* _Try it_: Print, exactly as they appear in the listing below, the lines from the line with "using z by (auto" to the line with "with q obtain", with both end lines kept.

* _Source data_:
lemma card_flip_set_deter_flip_le:
  assumes reg: "bip_regular n R nb c d"
    and lc: "linear_code d C0" and md: "has_min_distance C0 d0"
    and z: "length z = n" and y: "y \<in> tanner_code n R nb d C0"
    and q: "q \<noteq> 0" and t: "0 < t" "2 * t \<le> real d0"
  shows "real (card (flip_set (deter_flip R nb c d C0 t z q) y))
    \<le> (1 + real c / t) * real (card (flip_set z y))"
proof -
  define F where "F = flip_set z y"
  define V where "V = {v \<in> R. 1 \<le> local_decode_dist nb d C0 z v
    \<and> real (local_decode_dist nb d C0 z v) < t \<and> proposed_flip nb d C0 z v \<notin> F}"
  have fin: "finite R" "finite V" "finite F"
    using reg z by (auto simp: bip_regular_def V_def F_def flip_set_def)
  have F: "F \<subseteq> {..<n}"
    using z by (auto simp: F_def flip_set_def)
  have new: "flip_set (deter_flip R nb c d C0 t z q) y \<subseteq> F \<union> proposed_flip nb d C0 z ` V"
  proof
    fix i assume i: "i \<in> flip_set (deter_flip R nb c d C0 t z q) y"
    show "i \<in> F \<union> proposed_flip nb d C0 z ` V"
    proof (cases "i \<in> F")
      case False
      then have "deter_p R nb c d C0 t z i = q"
        using i by (auto simp: F_def flip_set_def deter_flip_def split: if_splits)
      with q obtain v where "v \<in> R" "1 \<le> local_decode_dist nb d C0 z v"
        "real (local_decode_dist nb d C0 z v) < t" "proposed_flip nb d C0 z v = i"
        by (auto elim: deter_p_neq_0_proposed)
      with False show ?thesis
        by (auto simp: V_def)
    qed simp
  qed
  have "t * card V = (\<Sum>v\<in>V. t)"
    by simp
  also have "\<dots> \<le> (\<Sum>v\<in>V. real (deg_into nb d F v))"
  proof (rule sum_mono)
    fix v assume "v \<in> V"
    then show "t \<le> real (deg_into nb d F v)"
      using proposing_check_deg_into[OF reg lc md z y, of v] t by (auto simp: V_def F_def)
  qed
  also have "\<dots> \<le> (\<Sum>v\<in>R. real (deg_into nb d F v))"
    using fin by (intro sum_mono2) (auto simp: V_def)
  also have "\<dots> = real c * card F"
    using sum_deg_into[OF reg F] by (metis of_nat_mult of_nat_sum)
  finally have V: "real (card V) \<le> real c / t * card F"
    using t by (simp add: field_simps)
  have "card (flip_set (deter_flip R nb c d C0 t z q) y) \<le> card (F \<union> proposed_flip nb d C0 z ` V)"
    using fin by (intro card_mono[OF _ new]) auto
  also have "\<dots> \<le> card F + card (proposed_flip nb d C0 z ` V)"
    by (rule card_Un_le)
  also have "\<dots> \<le> card F + card V"
    using card_image_le[OF fin(2)] by simp
  finally have "card (flip_set (deter_flip R nb c d C0 t z q) y) \<le> card F + card V" .
  with V show ?thesis
    by (simp add: F_def algebra_simps)
qed

lemma length_flip_traj [simp]: "length (flip_traj R nb c d C0 t x qs i) = length x"
proof -
  have "length (foldl (\<lambda>z q. deter_flip R nb c d C0 t z q) x ps) = length x" for ps
    by (induction ps arbitrary: x) simp_all
  then show ?thesis
    by (simp add: flip_traj_def)
qed

lemma flip_traj_0 [simp]: "flip_traj R nb c d C0 t x qs 0 = x"
  by (simp add: flip_traj_def)

lemma flip_traj_Suc:
  "i < length qs \<Longrightarrow> flip_traj R nb c d C0 t x qs (Suc i)
     = deter_flip R nb c d C0 t (flip_traj R nb c d C0 t x qs i) (qs ! i)"
  by (simp add: flip_traj_def take_Suc_conv_app_nth)

lemma flip_traj_card_flip_set_le:
  assumes exp: "bip_expander n R nb c d \<alpha> \<delta>"
    and lc: "linear_code d C0" and md: "has_min_distance C0 d0"
    and t: "0 < t" "2 * t \<le> real d0" and \<delta>: "1 < \<delta> * real d0"
    and x: "length x = n" and y: "y \<in> tanner_code n R nb d C0"
    and qs: "0 \<notin> set qs"
    and B0: "real (card (flip_set x y)) \<le> B"
    and B\<alpha>: "(1 + real c / t) * B \<le> \<alpha> * real n"
    and U: "\<And>i. 1 \<le> i \<Longrightarrow> i \<le> length qs \<Longrightarrow>
      (real d0 - 1) * card (unsat R nb d C0 (flip_traj R nb c d C0 t x qs i)) \<le> (\<delta> * real d0 - 1) * real c * B"
  shows "i \<le> length qs \<Longrightarrow> real (card (flip_set (flip_traj R nb c d C0 t x qs i) y)) \<le> B"
proof (induction i)
  case (Suc i)
  define z where "z = flip_traj R nb c d C0 t x qs i"
  define z' where "z' = flip_traj R nb c d C0 t x qs (Suc i)"
  have reg: "bip_regular n R nb c d"
    using exp by (simp add: bip_expander_def)
  have "qs ! i \<in> set qs"
    using Suc.prems by simp
  then have q: "qs ! i \<noteq> 0"
    using qs by auto
  have "real (card (flip_set z' y)) \<le> (1 + real c / t) * real (card (flip_set z y))"
    unfolding z'_def flip_traj_Suc[OF Suc_le_lessD[OF Suc.prems]] z_def
    using card_flip_set_deter_flip_le[OF reg lc md _ y q t] x by simp
  also have "\<dots> \<le> (1 + real c / t) * B"
    using Suc t by (intro mult_left_mono) (auto simp: z_def)
  finally have grow: "real (card (flip_set z' y)) \<le> (1 + real c / t) * B" .
  have "(\<delta> * real d0 - 1) * (real c * real (card (flip_set z' y)))
      \<le> (real d0 - 1) * real (card (unsat R nb d C0 z'))"
    using expander_card_flip_set_le_unsat[OF exp lc md _ y, of z'] grow B\<alpha> x
    by (simp add: z'_def mult.assoc)
  also have "\<dots> \<le> (\<delta> * real d0 - 1) * (real c * B)"
    using U[of "Suc i"] Suc.prems by (simp add: z'_def mult.assoc)
  finally have "real c * real (card (flip_set z' y)) \<le> real c * B"
    using \<delta> by (simp only: mult_le_cancel_left_pos diff_gt_0_iff_gt)
  with grow show ?case
    by (cases "c = 0") (auto simp: z'_def)
qed (use B0 in simp)

lemma error_bound_parameters:
  fixes n c d0 :: nat and \<alpha> \<delta> t \<gamma> :: real
  assumes "2 < \<delta> * real d0" "\<delta> \<le> 1" "0 < \<alpha>" "t = real d0 / 2"
    and \<gamma>: "\<gamma> = inverse (1 + real c / t) * ((\<delta> * real d0 - 1) / (real d0 - 1)) * \<alpha>"
  defines "B \<equiv> (real d0 - 1) / (\<delta> * real d0 - 1) * \<gamma> * real n"
  shows "0 < t" "2 * t \<le> real d0" "1 < \<delta> * real d0"
    and "\<gamma> * real n \<le> B"
    and "(1 + real c / t) * B \<le> \<alpha> * real n"
    and "(real d0 - 1) * (real c * \<gamma> * real n) = (\<delta> * real d0 - 1) * real c * B"
proof -
  have d0: "\<delta> * real d0 - 1 \<le> real d0 - 1" "1 < \<delta> * real d0"
    using assms(1,2) mult_right_mono[of \<delta> 1 "real d0"] by auto
  then show t: "0 < t" "2 * t \<le> real d0" "1 < \<delta> * real d0"
    using assms(4) by auto
  define K where "K = 1 + real c / t"
  have K: "0 < K"
    using t by (simp add: K_def add_pos_nonneg)
  have \<gamma>K: "\<gamma> = inverse K * ((\<delta> * real d0 - 1) / (real d0 - 1)) * \<alpha>"
    using \<gamma> by (simp add: K_def)
  have "0 \<le> \<gamma>"
    using \<gamma>K d0 K assms(3) by simp
  moreover have "1 \<le> (real d0 - 1) / (\<delta> * real d0 - 1)"
    using d0 by simp
  ultimately have "1 * (\<gamma> * real n) \<le> (real d0 - 1) / (\<delta> * real d0 - 1) * (\<gamma> * real n)"
    by (intro mult_right_mono) auto
  then show "\<gamma> * real n \<le> B"
    by (simp add: B_def mult.assoc)
  have "K * B = \<alpha> * real n"
    unfolding B_def \<gamma>K using d0 K by simp
  then show "(1 + real c / t) * B \<le> \<alpha> * real n"
    by (simp add: K_def)
  show "(real d0 - 1) * (real c * \<gamma> * real n) = (\<delta> * real d0 - 1) * real c * B"
    using d0 by (simp add: B_def field_simps)
qed
(* There exist a financial system $S$ in the base model (all contracts of the same priority) and distinct banks $u,v_1,v_2$, with a debt contract of positive weight from $u$ to $v_1$ and one from $u$ to $v_2$, such that the following holds. For $(s_1,s_2)\in\{C,D\}^2$ let $S_{s_1s_2}$ be the system obtained from $S$ by deleting the debt contract from $u$ to $v_i$ for exactly those $i$ with $s_i=C$. Then each $S_{s_1s_2}$ has exactly one solution, and the payoffs $(q_{v_1},q_{v_2})$ at that solution are $(3,3)$ for $CC$, $(8/3,8/3)$ for $DD$, $(3/2,4)$ for $CD$, and $(4,3/2)$ for $DC$. In particular, in the two-player game where bank $v_i$ chooses $s_i$ and receives its payoff in $S_{s_1s_2}$, $D$ is a strictly dominant strategy for each player, while both players receive strictly more under $CC$ than under $DD$.
   Context: A financial system with payment priorities consists of: a finite set $V$ of banks; external assets $e_v\ge 0$ for each $v\in V$; a number $P\ge 1$ of priority levels; and a finite set of contracts, each of which is either a debt contract from a debtor $u$ to a creditor $v\neq u$ with weight $c>0$, or a credit default swap (CDS) from a debtor $u$ to a creditor $v\neq u$ in reference to a bank $w\notin\{u,v\}$ (the reference entity) with weight $c>0$. Every contract has a priority in $\{1,\dots,P\}$ (1 is the highest priority). It is assumed that every bank that is the reference entity of some CDS is the debtor of at least one debt contract of positive weight. Given a recovery rate vector $r\in[0,1]^V$: the liability of a contract $k$ is $l_k(r)=c$ if $k$ is a debt of weight $c$, and $l_k(r)=c\,(1-r_w)$ if $k$ is a CDS of weight $c$ in reference to $w$. For a bank $v$, $l_v(r)$ is the sum of the liabilities of the contracts with debtor $v$; $l_v^{(\rho)}(r)$ is the sum of the liabilities of contracts with debtor $v$ and priority $\rho$; and $l_v^{(\le\rho)}(r)=\sum_{i=1}^{\rho}l_v^{(i)}(r)$ (with $l_v^{(\le 0)}=0$). The payment on a contract $k$ with debtor $v$ and priority $\rho$ is $p_k(r)=l_k(r)\cdot\min\{1,\max\{0,(r_v l_v(r)-l_v^{(\le\rho-1)}(r))/l_v^{(\rho)}(r)\}\}$ (and $p_k(r)=0$ if $l_v^{(\rho)}(r)=0$). The assets of $v$ are $a_v(r)=e_v+\sum_k p_k(r)$, summing over contracts $k$ with creditor $v$. A vector $r\in[0,1]^V$ is a solution (clearing vector) if for every $v\in V$: $r_v=1$ when $a_v(r)\ge l_v(r)$, and $r_v=a_v(r)/l_v(r)$ when $a_v(r)<l_v(r)$. The payoff of $v$ is $q_v(r)=\max\{a_v(r)-l_v(r),0\}$. When $P=1$, payments reduce to $p_k(r)=r_v\,l_k(r)$ (principle of proportionality); this is called the base model. *)

theory Defs
  imports Complex_Main
begin

text \<open>Contracts: Debt debtor creditor weight priority;
  CDS debtor creditor reference_entity weight priority.\<close>
datatype 'b contract =
    Debt 'b 'b real nat
  | CDS 'b 'b 'b real nat

fun debtor :: "'b contract \<Rightarrow> 'b" where
  "debtor (Debt u v c p) = u"
| "debtor (CDS u v w c p) = u"

fun creditor :: "'b contract \<Rightarrow> 'b" where
  "creditor (Debt u v c p) = v"
| "creditor (CDS u v w c p) = v"

fun weight :: "'b contract \<Rightarrow> real" where
  "weight (Debt u v c p) = c"
| "weight (CDS u v w c p) = c"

* _Response to the task_:
    using z by (auto simp: F_def flip_set_def)
  have new: "flip_set (deter_flip R nb c d C0 t z q) y \<subseteq> F \<union> proposed_flip nb d C0 z ` V"
  proof
    fix i assume i: "i \<in> flip_set (deter_flip R nb c d C0 t z q) y"
    show "i \<in> F \<union> proposed_flip nb d C0 z ` V"
    proof (cases "i \<in> F")
      case False
      then have "deter_p R nb c d C0 t z i = q"
        using i by (auto simp: F_def flip_set_def deter_flip_def split: if_splits)
      with q obtain v where "v \<in> R" "1 \<le> local_decode_dist nb d C0 z v"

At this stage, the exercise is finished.